12. Changes from RFC 2279

This section documents the changes made in RFC 3629 compared to the previous specification in RFC 2279.

Character Range Restriction

Restricted the range of characters to 0000-10FFFF (the UTF-16 accessible range).

This is a significant change that limits UTF-8 to the Unicode-defined character space, excluding the previously allowed but impractical ranges beyond U+10FFFF.

Normative Source Change

Made Unicode the source of the normative definition of UTF-8, keeping ISO/IEC 10646 as the reference for characters.

This change recognizes Unicode as the primary authoritative source for UTF-8 encoding rules, while ISO/IEC 10646 remains the reference for the character repertoire.

Terminology Clarification

Straightened out terminology. UTF-8 now described in terms of an encoding form of the character number. UCS-2 and UCS-4 almost disappeared.

The updated terminology provides clearer and more consistent descriptions of UTF-8 as an encoding form rather than a transformation format.

Invalid Sequence Handling

Turned the note warning against decoding of invalid sequences into a normative MUST NOT.

Previously, the warning about invalid sequences was informative.
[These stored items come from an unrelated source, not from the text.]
text \<open>Attach one ancilla to every subset S of the k + 1 input qubits and compute into it,
  with CNOTs, the parity x_S of the input bits in S. Applying \<omega> = exp(i \<pi> 2^(1 - l)) to the
  ancillas with |S| odd and \<omega>^(-1) to the others, then uncomputing the parities, multiplies
  the basis state x by \<omega>^e with e = \<Sum>_S (-1)^(|S| + 1) x_S. Since 2 x_S = 1 - (-1)^|S \<inter> x|
  and \<Sum>_S (-1)^|S| (-1)^|S \<inter> x| vanishes unless x = 1^(k+1), where it is 2^(k+1), the exponent
  e is 2^k on 1^(k+1) and 0 elsewhere.\<close>

lemma run_append: "run (xs @ ys) \<psi> = run ys (run xs \<psi>)"
  by (induction xs arbitrary: \<psi>) auto

text \<open>A CNOT circuit acts on a state by precomposition with a relabelling of the basis, so the
  relabelling applies the gates in reverse order.\<close>
fun relabel :: "gate list \<Rightarrow> bool list \<Rightarrow> bool list" where
  "relabel [] x = x"
| "relabel (CNOT c t # gs) x = (let z = relabel gs x in z[t := (z ! t \<noteq> z ! c)])"
| "relabel (Phase j w # gs) x = relabel gs x"

lemma run_CNOTs:
  assumes "\<forall>g\<in>set gs. \<exists>c t. g = CNOT c t"
  shows "run gs \<psi> = \<psi> \<circ> relabel gs"
  using assms by (induction gs arbitrary: \<psi>) (auto simp: Let_def o_def)

lemma length_relabel [simp]: "length (relabel gs x) = length x"
  by (induction gs x rule: relabel.induct) (auto simp: Let_def)

lemma run_map2_Phase:
  "run (map2 Phase js zs) \<psi> x = (\<Prod>(j, z)\<leftarrow>zip js zs. if x ! j then z else 1) * \<psi> x"
proof (induction js arbitrary: zs \<psi>)
  case (Cons j js)
  then show ?case by (cases zs) auto
qed simp

definition flip_count :: "gate list \<Rightarrow> bool list \<Rightarrow> nat \<Rightarrow> nat" where
  "flip_count gs y j =
     length (filter (\<lambda>g. case g of CNOT c t \<Rightarrow> t = j \<and> y ! c | Phase _ _ \<Rightarrow> False) gs)"

definition cnots_into_ancillas :: "nat \<Rightarrow> nat \<Rightarrow> gate list \<Rightarrow> bool" where
  "cnots_into_ancillas n N gs \<longleftrightarrow> (\<forall>g\<in>set gs. \<exists>c t. g = CNOT c t \<and> c < n \<and> n \<le> t \<and> t < N)"

lemma flip_count_data:
  "cnots_into_ancillas n N gs \<Longrightarrow> j < n \<Longrightarrow> flip_count gs y j = 0"
  unfolding flip_count_def cnots_into_ancillas_def
  by (auto simp: filter_empty_conv split: gate.splits)

lemma nth_relabel:
  assumes "cnots_into_ancillas n (length y) gs" and "j < length y"
  shows "relabel gs y ! j = (y ! j \<noteq> odd (flip_count gs y j))"
  using assms
proof (induction gs arbitrary: j)
  case Nil
  then show ?case by (simp add: flip_count_def)
next
  case (Cons g gs)
  then obtain c t where g: "g = CNOT c t" and ct: "c < n" "n \<le> t" "t < length y"
    by (auto simp: cnots_into_ancillas_def)
  have gs: "cnots_into_ancillas n (length y) gs"
    using Cons.prems by (auto simp: cnots_into_ancillas_def)
  have control: "relabel gs y ! c = y ! c"
    using Cons.IH[OF gs, of c] flip_count_data[OF gs ct(1)] ct by simp
  show ?case
  proof (cases "j = t")
    case True
    then show ?thesis using Cons.IH[OF gs, of t] ct control by (auto simp: g Let_def flip_count_def)
  next
    case False
    then show ?thesis using Cons.IH[OF gs, of j] Cons.prems by (auto simp: g Let_def flip_count_def)
  qed
qed

lemma relabel_involution:
  assumes anc: "cnots_into_ancillas n (length y) gs"
  shows "relabel gs (relabel gs y) = y"
proof -
  have data: "relabel gs y ! c = y ! c" if "c < n" "c < length y" for c
    using nth_relabel[OF anc that(2)] flip_count_data[OF anc that(1)] by simp
  have "flip_count gs (relabel gs y) j = flip_count gs y j" for j
    unfolding flip_count_def
  proof (intro arg_cong[where f = length] filter_cong refl)
    fix g assume "g \<in> set gs"
    with anc data show "(case g of CNOT c t \<Rightarrow> t = j \<and> relabel gs y ! c | Phase _ _ \<Rightarrow> False)
      = (case g of CNOT c t \<Rightarrow> t = j \<and> y ! c | Phase _ _ \<Rightarrow> False)"
      by (auto simp: cnots_into_ancillas_def)
  qed
  moreover have "cnots_into_ancillas n (length (relabel gs y)) gs"
    using anc by simp
  ultimately show ?thesis
    using nth_relabel[OF anc] nth_relabel[of n "relabel gs y" gs]
    by (intro nth_equalityI) auto
qed

fun parity_cnots :: "nat \<Rightarrow> nat list list \<Rightarrow> gate list" where
  "parity_cnots b [] = []"
| "parity_cnots b (S # Ss) = map (\<lambda>i. CNOT i b) S @ parity_cnots (Suc b) Ss"

lemma set_parity_cnots:
  "g \<in> set (parity_cnots b Ss) \<Longrightarrow> \<exists>m < length Ss. \<exists>c \<in> set (Ss ! m). g = CNOT c (b + m)"
proof (induction b Ss rule: parity_cnots.induct)
  case (2 b S Ss)
  show ?case
  proof (cases "g \<in> set (parity_cnots (Suc b) Ss)")
    case True
    then obtain m c where "m < length Ss" "c \<in> set (Ss ! m)" "g = CNOT c (Suc b + m)"
      using "2.IH" by blast
    then show ?thesis
      by (intro exI[of _ "Suc m"]) auto
  next
    case False
    then show ?thesis using "2.prems" by force
  qed
qed simp

lemma flip_count_parity_cnots:
  "flip_count (parity_cnots b Ss) y j =
     (if b \<le> j \<and> j < b + length Ss then length (filter ((!) y) (Ss ! (j - b))) else 0)"
proof (induction b Ss arbitrary: j rule: parity_cnots.induct)
  case (1 b)
  then show ?case by (auto simp: flip_count_def)
next
  case (2 b S Ss)
  have "flip_count (map (\<lambda>i. CNOT i b) S) y j = (if j = b then length (filter ((!) y) S) else 0)"
    unfolding flip_count_def by (induction S) auto
  then show ?case
    using "2.IH"[of j] by (cases "j = b"; cases "b < j") (auto simp: flip_count_def nth_Cons' Suc_diff_Suc)
qed

lemma cnots_into_ancillas_parity_cnots:
  "\<forall>S\<in>set Ss. set S \<subseteq> {0..<b} \<Longrightarrow> cnots_into_ancillas b (b + length Ss) (parity_cnots b Ss)"
  unfolding cnots_into_ancillas_def by (fastforce dest: set_parity_cnots)

lemma is_cnot_parity_cnots:
  "\<forall>S\<in>set Ss. set S \<subseteq> {0..<b} \<Longrightarrow> g \<in> set (parity_cnots b Ss) \<Longrightarrow> is_cnot (b + length Ss) g"
  unfolding is_cnot_def by (fastforce dest: set_parity_cnots)

definition parity_on :: "bool list \<Rightarrow> nat list \<Rightarrow> bool" where
  "parity_on x S \<longleftrightarrow> odd (length (filter ((!) x) S))"

lemma parity_on_take: "set S \<subseteq> {0..<n} \<Longrightarrow> parity_on (take n x) S = parity_on x S"
  unfolding parity_on_def by (metis (no_types, lifting) atLeastLessThan_iff filter_cong nth_take subsetD)

lemma nth_relabel_parity_cnots:
  assumes Ss: "\<forall>S\<in>set Ss. set S \<subseteq> {0..<n}" and y: "length y = n + length Ss"
    and m: "m < length Ss" and clean: "\<not> y ! (n + m)"
  shows "relabel (parity_cnots n Ss) y ! (n + m) = parity_on y (Ss ! m)"
proof -
  have "cnots_into_ancillas n (length y) (parity_cnots n Ss)"
    using cnots_into_ancillas_parity_cnots[OF Ss] y by simp
  from nth_relabel[OF this, of "n + m"] show ?thesis
    using y m clean by (simp add: flip_count_parity_cnots parity_on_def)
qed

lemma embed_eqI: "(\<And>x. length x = d \<Longrightarrow> \<phi> x = \<psi> x) \<Longrightarrow> embed d a \<phi> = embed d a \<psi>"
  by (auto simp: embed_def)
In RFC 3629, it became a normative requirement that implementations MUST NOT decode invalid sequences.

BOM Section Addition

Added a new section about the UTF-8 BOM, with advice for protocols.

Section 6 provides comprehensive guidance on:

  • When to use or forbid the BOM
  • How to handle the BOM in different protocol contexts
  • Recommendations for protocol designers

MIME Registration Change

Removed suggested UNICODE-1-1-UTF-8 MIME charset registration.

The version-specific charset label was removed in favor of the generic "UTF-8" label that covers all Unicode versions after Amendment 5.

ABNF Syntax Addition

Added an ABNF syntax for valid UTF-8 octet sequences

Section 4 now includes a formal ABNF grammar that precisely defines valid UTF-8 byte sequences, making it easier for implementers to validate UTF-8 data.

Security Section Expansion

Expanded Security Considerations section, in particular impact of Unicode normalization

The security section was significantly enhanced to include:

  • Detailed discussion of overlong encoding attacks
  • Buffer overflow risks
  • Canonical equivalence security implications
  • References to Unicode Normalization Forms